New technology primary school set for historic Wolverhampton site

Plans to build a state-of-the-art technology learning centre on the site of a recently-demolished Wolverhampton primary school have been approved by the city council.

An artist's impression of how the new Wednesfield Technology Primary School in Lichfield Road will look. Image: Q+A Planning
An artist's impression of how the new Wednesfield Technology Primary School in Lichfield Road will look. Image: Q+A Planning

The 112-year-old former Edward the Elder building in Lichfield Road, Wednesfield, was bulldozed in June to make way for the new Wednesfield Technology Primary School.

Tom Hallett, acting on behalf of Birmingham-based developers Tilbury Douglas Construction Ltd, told Tuesday's planning committee: “The site has been in educational use for over 100 years, although the school had been left empty and in a derelict state since 2007.

“As you will be aware, work to demolish the former main school was completed during the summer and the application proposes to reinstate that longstanding use, providing a much-needed new facility for primary age children.

“The new school will be a member of the Shireland Academy Trust, who already operate several schools in the West Midlands.
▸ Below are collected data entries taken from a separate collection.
(* In the setting of the RoPE kernel $h_R((x,s),(y,t))=\beta^{-1}\exp(\beta\langle x,R_{\omega(t-s)}y\rangle)$ on $\mathbb S^{2}\times I$, assume $d=3$, $E=\mathrm{span}\{e_1,e_2\}$ and $\omega=2\pi m$ with $m\in\mathbb Z\setminus\{0\}$. Let $u\in\mathbb S^2$ have polar angle $\theta\in[0,\pi]$, i.e. $\langle u,e_3\rangle=\cos\theta$. Then $x^\ast(s)=R_{-\omega s}u$ defines a global maximizer $\mu^\ast=\Gamma[x^\ast]$ of $\mathcal E_R[\mu]=\frac12\iint h_R\,d\mu\,d\mu$ on $\mathcal P_I$, and its content marginal $(x^\ast)_{\#}ds$ is the uniform (normalized arc-length) probability measure on the circle $\{v\in\mathbb S^2:\langle v,e_3\rangle=\cos\theta\}$ (a Dirac mass when $\theta\in\{0,\pi\}$).
   Context: $I:=(0,1]$ with Lebesgue measure $ds$; $\mathcal P_I$ is the set of Borel probability measures on $\mathbb S^{d-1}\times I$ with $I$-marginal $ds$. For $\theta\in\mathbb R$, $R_\theta\in O(d)$ rotates by angle $\theta$ on the plane $E$ and is the identity on $E^\perp$. For a measurable path $x:I\to\mathbb S^{d-1}$, $\Gamma[x]:=(s\mapsto(x(s),s))_{\#}ds$. $\beta>0$. *)

theory Defs
  imports "HOL-Probability.Probability"
begin

definition S2 :: "(real^3) set" where
  "S2 = {x. norm x = 1}"

definition Itime :: "real set" where
  "Itime = {0<..1}"

definition ds :: "real measure" where
  "ds = density lborel (indicator Itime)"

definition Rot :: "real \<Rightarrow> real^3 \<Rightarrow> real^3" where
  "Rot \<theta> v = vector [cos \<theta> * v$1 - sin \<theta> * v$2, sin \<theta> * v$1 + cos \<theta> * v$2, v$3]"

definition P_I :: "((real^3) \<times> real) measure set" where
  "P_I = {\<mu>. prob_space \<mu> \<and> sets \<mu> = sets (borel :: ((real^3) \<times> real) measure)
             \<and> emeasure \<mu> (- (S2 \<times> Itime)) = 0
             \<and> distr \<mu> borel snd = ds}"

definition Gamma :: "(real \<Rightarrow> real^3) \<Rightarrow> ((real^3) \<times> real) measure" where
  "Gamma x = distr ds borel (\<lambda>s. (x s, s))"

definition hR :: "real \<Rightarrow> real \<Rightarrow> (real^3) \<times> real \<Rightarrow> (real^3) \<times> real \<Rightarrow> real" where
  "hR \<beta> \<omega> p q = exp (\<beta> * (fst p \<bullet> Rot (\<omega> * (snd q - snd p)) (fst q))) / \<beta>"

definition ER :: "real \<Rightarrow> real \<Rightarrow> ((real^3) \<times> real) measure \<Rightarrow> real" where
  "ER \<beta> \<omega> \<mu> = (1/2) * (\<integral>p. (\<integral>q. hR \<beta> \<omega> p q \<partial>\<mu>) \<partial>\<mu>)"

text \<open>Uniform (normalized arc-length) probability measure on the circle
  {v in S^2. <v,e3> = cos theta}, via its constant-speed parametrization
  (Dirac mass at the pole when theta in {0, pi}).\<close>
definition circle_uniform :: "real \<Rightarrow> (real^3) measure" where
  "circle_uniform \<theta> = distr (uniform_measure lborel {0..2*pi}) borel
     (\<lambda>\<phi>. vector [sin \<theta> * cos \<phi>, sin \<theta> * sin \<phi>, cos \<theta>])"

end

theory Submission
  imports Defs "HOL-Library.Periodic_Fun"
begin

(* Along x*, the rotation in the kernel exactly undoes the drift of the path:
   R_{omega (t - s)} x*(t) = x*(s), so h_R is identically exp beta / beta on the support of
   Gamma[x*] x Gamma[x*]. By Cauchy-Schwarz this is the pointwise maximum of h_R on S^2 x I,
   hence Gamma[x*] attains the trivial upper bound exp beta / (2 beta) of E_R; this part does
   not need omega in 2 pi Z.
   Writing u = (sin theta cos alpha, sin theta sin alpha, cos theta), the point x*(s) is the
   point of the latitude circle at longitude alpha - 2 pi m s. As s runs through (0,1] this
   winds |m| times around the circle at constant speed, and the integral of a 2 pi-periodic
   function over |m| full periods is |m| times its integral over one period, so the
   push-forward of ds is the normalized arc length. *)

lemma inner_vec3: "(x::real^3) \<bullet> y = x$1 * y$1 + x$2 * y$2 + x$3 * y$3"
  by (simp add: inner_vec_def sum_3)

lemma continuous_on_vector3 [continuous_intros]:
  assumes "continuous_on S f" "continuous_on S g" "continuous_on S h"
  shows "continuous_on S (\<lambda>x. vector [f x, g x, h x] :: real^3)"
proof -
  have "(\<lambda>x. vector [f x, g x, h x] :: real^3)
      = (\<lambda>x. f x *\<^sub>R axis 1 1 + g x *\<^sub>R axis 2 1 + h x *\<^sub>R axis 3 1)"
    by (simp add: fun_eq_iff vec_eq_iff forall_3 axis_def)
  then show ?thesis by (simp only:) (intro continuous_intros assms)
qed

lemma continuous_on_Rot [continuous_intros]:
  fixes S :: "'a::t2_space set"
  assumes "continuous_on S f" "continuous_on S g"
  shows "continuous_on S (\<lambda>x. Rot (f x) (g x))"
  unfolding Rot_def by (intro continuous_intros assms)

lemma Rot_add: "Rot a (Rot b v) = Rot (a + b) v"
  by (simp add: Rot_def vec_eq_iff forall_3 cos_add sin_add algebra_simps)

lemma inner_Rot_Rot: "Rot a v \<bullet> Rot a w = v \<bullet> w"
proof -
  have "Rot a v \<bullet> Rot a w = (cos a * v$1 - sin a * v$2) * (cos a * w$1 - sin a * w$2)
      + (sin a * v$1 + cos a * v$2) * (sin a * w$1 + cos a * w$2) + v$3 * w$3"
    by (simp add: Rot_def inner_vec3)
  also have "\<dots> = v \<bullet> w"
    using sin_cos_squared_add[of a] unfolding inner_vec3 by algebra
  finally show ?thesis .
qed

lemma norm_Rot: "norm (Rot a v) = norm v"
  by (simp add: norm_eq_sqrt_inner inner_Rot_Rot)

definition latitude_point :: "real \<Rightarrow> real \<Rightarrow> real^3" where
  "latitude_point \<theta> \<phi> = vector [sin \<theta> * cos \<phi>, sin \<theta> * sin \<phi>, cos \<theta>]"

lemma Rot_latitude_point: "Rot b (latitude_point \<theta> a) = latitude_point \<theta> (a + b)"
  by (simp add: Rot_def latitude_point_def vec_eq_iff forall_3 cos_add sin_add algebra_simps)

lemma continuous_on_latitude_point: "continuous_on UNIV (latitude_point \<theta>)"
  unfolding latitude_point_def by (intro continuous_intros)

lemma periodic_latitude_point: "periodic_fun_simple (latitude_point \<theta>) (2 * pi)"
  by standard (simp add: latitude_point_def)

lemma circle_uniform_eq:
  "circle_uniform \<theta> = distr (uniform_measure lborel {0..2 * pi}) borel (latitude_point \<theta>)"
  by (simp add: circle_uniform_def latitude_point_def [abs_def])

lemma polar_coords_radius:
  fixes x y r :: real
  assumes "x\<^sup>2 + y\<^sup>2 = r\<^sup>2" "0 \<le> r"
  obtains a where "x = r * cos a" "y = r * sin a"
proof -
  let ?z = "Complex x y"
  have "cmod ?z = r" using assms by (simp add: cmod_def)
  then have "?z = rcis r (Arg ?z)" using rcis_cmod_Arg[of ?z] by simp
  then have "x = r * cos (Arg ?z)" "y = r * sin (Arg ?z)"
    by (simp_all add: complex_eq_iff rcis_def cis.ctr)
  then show ?thesis by (rule that)
qed

lemma S2_obtain_latitude_point:
  assumes "u \<in> S2" "0 \<le> \<theta>" "\<theta> \<le> pi" "u \<bullet> axis 3 1 = cos \<theta>"
  obtains \<alpha> where "u = latitude_point \<theta> \<alpha>"
proof -
  have u3: "u$3 = cos \<theta>" using assms(4) by (simp add: inner_vec3 axis_def)
  have "u \<bullet> u = 1" using assms(1) by (simp add: S2_def flip: power2_norm_eq_inner)
  then have "(u$1)\<^sup>2 + (u$2)\<^sup>2 + (cos \<theta>)\<^sup>2 = 1"
    using u3 by (simp add: inner_vec3 power2_eq_square)
  then have "(u$1)\<^sup>2 + (u$2)\<^sup>2 = (sin \<theta>)\<^sup>2"
    by (simp add: sin_squared_eq)
  moreover have "sin \<theta> \<ge> 0" using assms by (simp add: sin_ge_zero)
  ultimately obtain \<alpha> where "u$1 = sin \<theta> * cos \<alpha>" "u$2 = sin \<theta> * sin \<alpha>"
    by (rule polar_coords_radius)
  with u3 show ?thesis using that by (auto simp: latitude_point_def vec_eq_iff forall_3)
qed

lemma sets_ds [simp, measurable_cong]: "sets ds = sets borel"
  by (simp add: ds_def)

lemma space_ds [simp]: "space ds = UNIV"
  by (simp add: ds_def)

lemma emeasure_ds: "A \<in> sets borel \<Longrightarrow> emeasure ds A = emeasure lborel (A \<inter> Itime)"
  unfolding ds_def Itime_def
  by (subst emeasure_density) (auto simp: indicator_inter_arith[symmetric] mult.commute)

lemma prob_space_ds: "prob_space ds"
  by standard (simp add: emeasure_ds Itime_def)

lemma nn_integral_ds:
  "f \<in> borel_measurable borel \<Longrightarrow> (\<integral>\<^sup>+s. f s \<partial>ds) = (\<integral>\<^sup>+s. f s * indicator {0<..1} s \<partial>lborel)"
  unfolding ds_def Itime_def by (simp add: nn_integral_density mult.commute)

lemma S2_Itime_sets: "S2 \<times> Itime \<in> sets (borel :: ((real^3) \<times> real) measure)"
proof -
  have "closed S2"
    using closed_sphere[of "0 :: real^3" 1] by (simp add: S2_def sphere_def)
  then have "S2 \<times> Itime \<in> sets (borel \<Otimes>\<^sub>M borel)"
    by (intro pair_measureI) (auto simp: Itime_def intro: borel_closed)
  then show ?thesis by (simp only: borel_prod)
qed

lemma Gamma_in_P_I:
  assumes [measurable]: "x \<in> borel_measurable borel" and S2: "\<forall>s\<in>Itime. x s \<in> S2"
  shows "Gamma x \<in> P_I"
proof -
  interpret ds: prob_space ds by (rule prob_space_ds)
  have graph [measurable]: "(\<lambda>s. (x s, s)) \<in> measurable ds borel"
    by measurable
  have snd: "snd \<in> borel_measurable (borel :: ((real^3) \<times> real) measure)"
    by (intro borel_measurable_continuous_onI continuous_intros)
  have "(\<lambda>s. (x s, s)) -` (- (S2 \<times> Itime)) \<inter> space ds = - Itime"
    using S2 by auto
  then have "emeasure (Gamma x) (- (S2 \<times> Itime)) = 0"
    using S2_Itime_sets unfolding Gamma_def
    by (simp add: emeasure_distr sets.compl_sets emeasure_ds Itime_def)
  moreover have "distr (Gamma x) borel snd = ds"
    unfolding Gamma_def by (simp add: distr_distr[OF snd graph] comp_def distr_id2)
  moreover have "prob_space (Gamma x)"
    unfolding Gamma_def by (rule ds.prob_space_distr[OF graph])
  ultimately show ?thesis by (simp add: P_I_def Gamma_def)
qed

lemma (in prob_space) integral_le_nonneg_const:
  fixes f :: "'a \<Rightarrow> real"
  assumes "0 \<le> c" "AE x in M. f x \<le> c"
  shows "(\<integral>x. f x \<partial>M) \<le> c"
  using integral_le_const[of f c] assms
  by (cases "integrable M f") (auto simp: not_integrable_integral_eq)

lemma hR_le_exp:
  assumes "\<beta> > 0" "fst p \<in> S2" "fst q \<in> S2"
  shows "hR \<beta> \<omega> p q \<le> exp \<beta> / \<beta>"
proof -
  let ?y = "Rot (\<omega> * (snd q - snd p)) (fst q)"
  have "fst p \<bullet> ?y \<le> norm (fst p) * norm ?y" by (rule norm_cauchy_schwarz)
  also have "\<dots> = 1" using assms by (simp add: norm_Rot S2_def)
  finally show ?thesis
    using assms(1) by (simp add: hR_def divide_right_mono)
qed

lemma ER_le_P_I:
  assumes "\<beta> > 0" "\<mu> \<in> P_I"
  shows "ER \<beta> \<omega> \<mu> \<le> exp \<beta> / (2 * \<beta>)"
proof -
  interpret prob_space \<mu> using assms(2) by (simp add: P_I_def)
  have bound: "0 \<le> exp \<beta> / \<beta>" using assms(1) by simp
  have S2: "AE p in \<mu>. fst p \<in> S2"
    using assms(2) S2_Itime_sets by (intro AE_I'[of "- (S2 \<times> Itime)"]) (auto simp: P_I_def)
  have "AE p in \<mu>. (\<integral>q. hR \<beta> \<omega> p q \<partial>\<mu>) \<le> exp \<beta> / \<beta>"
    using S2
  proof eventually_elim
    case (elim p)
    show ?case
      using S2 by (intro integral_le_nonneg_const[OF bound])
        (auto elim!: eventually_mono intro: hR_le_exp assms(1) elim)
  qed
  then have "(\<integral>p. (\<integral>q. hR \<beta> \<omega> p q \<partial>\<mu>) \<partial>\<mu>) \<le> exp \<beta> / \<beta>"
    by (rule integral_le_nonneg_const[OF bound])
  then show ?thesis by (simp add: ER_def)
qed

lemma continuous_on_hR: "continuous_on UNIV (\<lambda>(p, q). hR \<beta> \<omega> p q)"
  unfolding hR_def case_prod_beta divide_inverse by (intro continuous_intros)

lemma borel_measurable_hR_pair:
  assumes "sets M = sets borel" "sets N = sets borel"
  shows "(\<lambda>(p, q). hR \<beta> \<omega> p q) \<in> borel_measurable (M \<Otimes>\<^sub>M N)"
proof -
  have "(\<lambda>(p, q). hR \<beta> \<omega> p q) \<in> borel_measurable (borel \<Otimes>\<^sub>M borel)"
    unfolding borel_prod by (rule borel_measurable_continuous_onI[OF continuous_on_hR])
  then show ?thesis
    by (subst measurable_cong_sets[OF sets_pair_measure_cong[OF assms] refl])
qed

lemma ER_Gamma:
  assumes [measurable]: "x \<in> borel_measurable borel"
  shows "ER \<beta> \<omega> (Gamma x) = (1/2) * (\<integral>s. (\<integral>t. hR \<beta> \<omega> (x s, s) (x t, t) \<partial>ds) \<partial>ds)"
proof -
  interpret ds: prob_space ds by (rule prob_space_ds)
  have graph [measurable]: "(\<lambda>s. (x s, s)) \<in> measurable ds borel"
    by measurable
  interpret G: prob_space "Gamma x"
    unfolding Gamma_def by (rule ds.prob_space_distr[OF graph])
  have "(\<lambda>p. \<integral>q. hR \<beta> \<omega> p q \<partial>Gamma x) \<in> borel_measurable borel"
    by (rule G.borel_measurable_lebesgue_integral)
      (rule borel_measurable_hR_pair, simp_all add: Gamma_def)
  then have "(\<integral>p. (\<integral>q. hR \<beta> \<omega> p q \<partial>Gamma x) \<partial>Gamma x)
      = (\<integral>s. (\<integral>q. hR \<beta> \<omega> (x s, s) q \<partial>Gamma x) \<partial>ds)"
    unfolding Gamma_def by (rule integral_distr[OF graph])
  also have "\<dots> = (\<integral>s. (\<integral>t. hR \<beta> \<omega> (x s, s) (x t, t) \<partial>ds) \<partial>ds)"
  proof -
    have "hR \<beta> \<omega> p \<in> borel_measurable borel" for p
      by (rule borel_measurable_continuous_onI)
        (unfold hR_def divide_inverse, intro continuous_intros)
    then show ?thesis unfolding Gamma_def by (simp add: integral_distr[OF graph])
  qed
  finally show ?thesis by (simp add: ER_def)
qed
The school has been designed to inspire new ways of teaching, offering a specialised tehnology-based curriculum.”

“The development will deliver a range of benefits, including the creation of new jobs during both the construction phase and as part of the future occupation of the school with up to 45 full and part-time positions,” he added.

“The retention of the former lodge building will maintain an important link to the history of the site and will be used by the school as family hub. Additional landscape planting to enhance the site will provide diversity and ecology value.

“And of course this sees the redevelopment of a longstanding vacant brownfield site within a sustainable location ideally placed to serve the growing needs of the community.

“In response to comments made by highways and residents, some amendments have been made – the parking layout has been reconfigured to allow for a one-way circulation of cars around the parking area, along with the provision of a dedicated drop off/collection point.

“This will enable cars queuing to drop off and pick up in a very orderly manner within the site – and at peak times. The number of parking spaces has also been increased and CCTV will be installed.

“Financial contributions in the form of a pedestrian crossing and the reinstatement of the ‘keep clear’ markings outside the school will also be installed.”

The new building will incorporate a two-storey block with a single storey for the hall and kitchen. The design is Passivhaus – meaning it will achieve a very high level of energy efficiency, members were told.

Councillor Andy Randle said: “This is a great proposal which is welcome. It will be a good, modern facility that will benefit the people of Wednesfield. I have raised concerns regarding traffic at pick up and drop off times and the need to be mindful of pupil safety and nearby houses and businesses.

“I have asked that this be monitored and support offered to the school if necessary, so that the local impact of the school is positive and safety is paramount.”

Leader of the Conservatives Councillor Wendy Thompson added: “I think quite a few people in Wednesfield will have been sad to see the loss of the historic building that was there, and it is good to see the site now being used as it has been derelict for too long.

“Shireland has a very good reputation so I’m very hopeful that we’ll have some really high-quality education taking place there. Unfortunately the design is a little plain, but that is the modern style.

“The traffic is an issue but if there is monitoring of that, I think it would work. It’s wonderful to see the lodge being kept as that is a character building, and it’s good to see that some thought has been given to keeping red brickwork, rather than the dreary modern trend of having wooden cladding.

“I would also like to mention that it’s great to see a new primary school going onto the site – I’m sure it’s much-needed. But it may of course move on to secondary figures, so I hope that some thought is being given to those responsible for strategic planning with regard to education places.”

Councillor Phil Page said he thought the development would also contribute to the local shopping economy, and moved the report which was later seconded.

Although not listed, the landmark former structure – one of the city’s oldest school buildings – dated back to 1910. The date stone has been carefully removed and will be repositioned adjacent to the entrance of the new development.

The new facility will provide teaching spaces for 26 nursery children, 60 reception, 120 key stage 1 and 240 key stage 2.

All members voted in favour and the plans were approved subject to a unilateral undertaking and conditions. The new school is expected to open in September 2023.